Hu Hao, Liu Xiang, Jin Wenfei, Hilger Ropers H, Wienker Thomas F
Department of human molecular genetics, Max-Planck Institute for Molecular Genetics, Berlin, 14195, Germany.
BlackBerry Deutschland GmbH, Bochum, 44799, Germany.
Sci Rep. 2015 May 15;5:10247. doi: 10.1038/srep10247.

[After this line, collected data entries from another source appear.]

lemma path_edges_at:
  assumes "j < length p"
  shows "{e \<in> path_edges p. incident (p ! j) e} = edge ` {i. Suc i < length p \<and> (i = j \<or> Suc i = j)}"
  using assms by (auto simp: path_edges_eq incident_edge_iff nth_eq_iff)

lemma matching_edges_at:
  assumes "j < length p"
  shows "{e \<in> M. incident (p ! j) e} = (if j = 0 then {} else {edge (if odd j then j else j - 1)})"
proof (cases "j = 0")
  case True
  then show ?thesis using exposed nth_0 by auto
next
  case False
  define i where "i = (if odd j then j else j - 1)"
  have i: "Suc i < length p" "odd i" "i = j \<or> Suc i = j"
    using False assms odd_index_Suc_less by (auto simp: i_def)
  then have "edge i \<in> M" "incident (p ! j) (edge i)"
    using edge_in_M_iff incident_edge_iff by auto
  then have "{e \<in> M. incident (p ! j) e} = {edge i}"
    using matching_incident_unique[OF matching] by blast
  then show ?thesis using False by (simp add: i_def)
qed

lemma nonmatching_path_edges_at:
  assumes "j < length p"
  shows "{e \<in> path_edges p - M. incident (p ! j) e} =
    (if j = length p - 1 then {} else {edge (if even j then j else j - 1)})"
proof -
  have "{e \<in> path_edges p - M. incident (p ! j) e} = {e \<in> path_edges p. incident (p ! j) e} - M"
    by blast
  also have "\<dots> = edge ` {i. Suc i < length p \<and> (i = j \<or> Suc i = j) \<and> even i}"
    unfolding path_edges_at[OF assms] using edge_in_M_iff by auto
  also have "{i. Suc i < length p \<and> (i = j \<or> Suc i = j) \<and> even i} =
      (if j = length p - 1 then {} else {if even j then j else j - 1})"
    using assms odd_length by (auto; presburger)
  finally show ?thesis by auto
qed

lemma symdiff_edges_at:
  assumes "j < length p"
  shows "{e \<in> symdiff M (path_edges p). incident (p ! j) e} = {e \<in> path_edges p - M. incident (p ! j) e}"
proof -
  have "{e \<in> M. incident (p ! j) e} \<subseteq> path_edges p"
    using matching_edges_at[OF assms] assms odd_index_Suc_less
    by (auto simp: path_edges_eq)
  then show ?thesis by (auto simp: symdiff_def)
qed

lemma symdiff_edges_off_path:
  "z \<notin> set p \<Longrightarrow> {e \<in> symdiff M (path_edges p). incident z e} = {e \<in> M. incident z e}"
  unfolding symdiff_def using incident_path_edge_imp_in_set by blast

lemma matching_symdiff: "matching E (symdiff M (path_edges p))"
  unfolding matching_iff_incident
proof (intro conjI allI impI)
  show "symdiff M (path_edges p) \<subseteq> E"
    using matching edge_in_E by (auto simp: matching_def symdiff_def path_edges_eq)
  fix z e e'
  assume e: "e \<in> symdiff M (path_edges p)" "incident z e" and e': "e' \<in> symdiff M (path_edges p)" "incident z e'"
  show "e = e'"
  proof (cases "z \<in> set p")
    case True
    then obtain j where j: "j < length p" "z = p ! j" by (auto simp: in_set_conv_nth)
    then have "{e, e'} \<subseteq> {e \<in> path_edges p - M. incident (p ! j) e}"
      using e e' symdiff_edges_at[OF j(1)] by auto
    moreover have "\<exists>x. {e \<in> path_edges p - M. incident (p ! j) e} \<subseteq> {x}"
      unfolding nonmatching_path_edges_at[OF j(1)] by simp
    ultimately show ?thesis by blast
  next
    case False
    then show ?thesis
      using e e' symdiff_edges_off_path matching_incident_unique[OF matching] by blast
  qed
qed

lemma Dset_symdiff:
  assumes "E \<subseteq> V \<times> V"
  shows "Dset V (symdiff M (path_edges p)) = insert b (Dset V M - {a})"
proof -
  have "b \<in> V"
  proof -
    have "Suc (length p - 2) < length p" "Suc (length p - 2) = length p - 1"
      using length_ge_2 by auto
    then have "edge (length p - 2) \<in> E" "incident (b, False) (edge (length p - 2))"
      using edge_in_E incident_edge_iff nth_last by auto
    then show ?thesis using assms by (auto simp: incident_def)
  qed
  have "v \<in> Dset V (symdiff M (path_edges p)) \<longleftrightarrow> v \<in> insert b (Dset V M - {a})" for v
  proof (cases "(v, False) \<in> set p")
    case True
    then obtain j where j: "j < length p" "(v, False) = p ! j" by (auto simp: in_set_conv_nth)
    have "v = a \<longleftrightarrow> p ! j = p ! 0" "v = b \<longleftrightarrow> p ! j = p ! (length p - 1)"
      using j(2) nth_0 nth_last by auto
    moreover have "0 < length p" "length p - 1 < length p" using length_ge_2 by auto
    ultimately have "v = a \<longleftrightarrow> j = 0" "v = b \<longleftrightarrow> j = length p - 1"
      using nth_eq_iff[OF j(1)] by simp_all
    then have "v \<in> Dset V (symdiff M (path_edges p)) \<longleftrightarrow> v = b"
      "v \<in> Dset V M \<longleftrightarrow> v \<in> V \<and> v = a"
      using \<open>b \<in> V\<close> unfolding Dset_iff_incident j(2) symdiff_edges_at[OF j(1)]
        nonmatching_path_edges_at[OF j(1)] matching_edges_at[OF j(1)] by auto
    then show ?thesis by auto
  next
    case False
    moreover have "(a, False) \<in> set p" "(b, False) \<in> set p"
      using alt_path unfolding alt_path_def by (metis hd_in_set, metis last_in_set)
    ultimately have "v \<noteq> a" "v \<noteq> b" by auto
    then show ?thesis
      using symdiff_edges_off_path[OF False] by (simp add: Dset_iff_incident)
  qed
  then show ?thesis by blast
qed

Sample-tagging is designed for identification of accidental sample mix-up, which is a major issue in re-sequencing studies. In this work, we develop a model to measure the information content of SNPs, so that we can optimize a panel of SNPs that approach the maximal information for discrimination. The analysis shows that as low as 60 optimized SNPs can differentiate the individuals in a population as large as the present world, and only 30 optimized SNPs are in practice sufficient in labeling up to 100 thousand individuals. In the simulated populations of 100 thousand individuals, the average Hamming distances, generated by the optimized set of 30 SNPs are larger than 18, and the duality frequency, is lower than 1 in 10 thousand. This strategy of sample discrimination is proved robust in large sample size and different datasets. The optimized sets of SNPs are designed for Whole Exome Sequencing, and a program is provided for SNP selection, allowing for customized SNP numbers and interested genes. The sample-tagging plan based on this framework will improve re-sequencing projects in terms of reliability and cost-effectiveness.
样本标记旨在识别意外的样本混淆,这是重测序研究中的一个主要问题。在这项工作中,我们开发了一个模型来测量单核苷酸多态性(SNP)的信息含量,以便我们能够优化一组SNP,使其接近用于区分的最大信息。分析表明,低至60个优化的SNP就能区分像当今世界这么大的人群中的个体,而实际上仅30个优化的SNP就足以标记多达10万人。在10万人的模拟群体中,由30个优化SNP组成的集合产生的平均汉明距离大于18,对偶频率低于万分之一。这种样本区分策略在大样本量和不同数据集中被证明是稳健的。优化的SNP集合是为全外显子组测序设计的,并且提供了一个用于SNP选择的程序,允许定制SNP数量和感兴趣的基因。基于此框架的样本标记计划将在可靠性和成本效益方面改进重测序项目。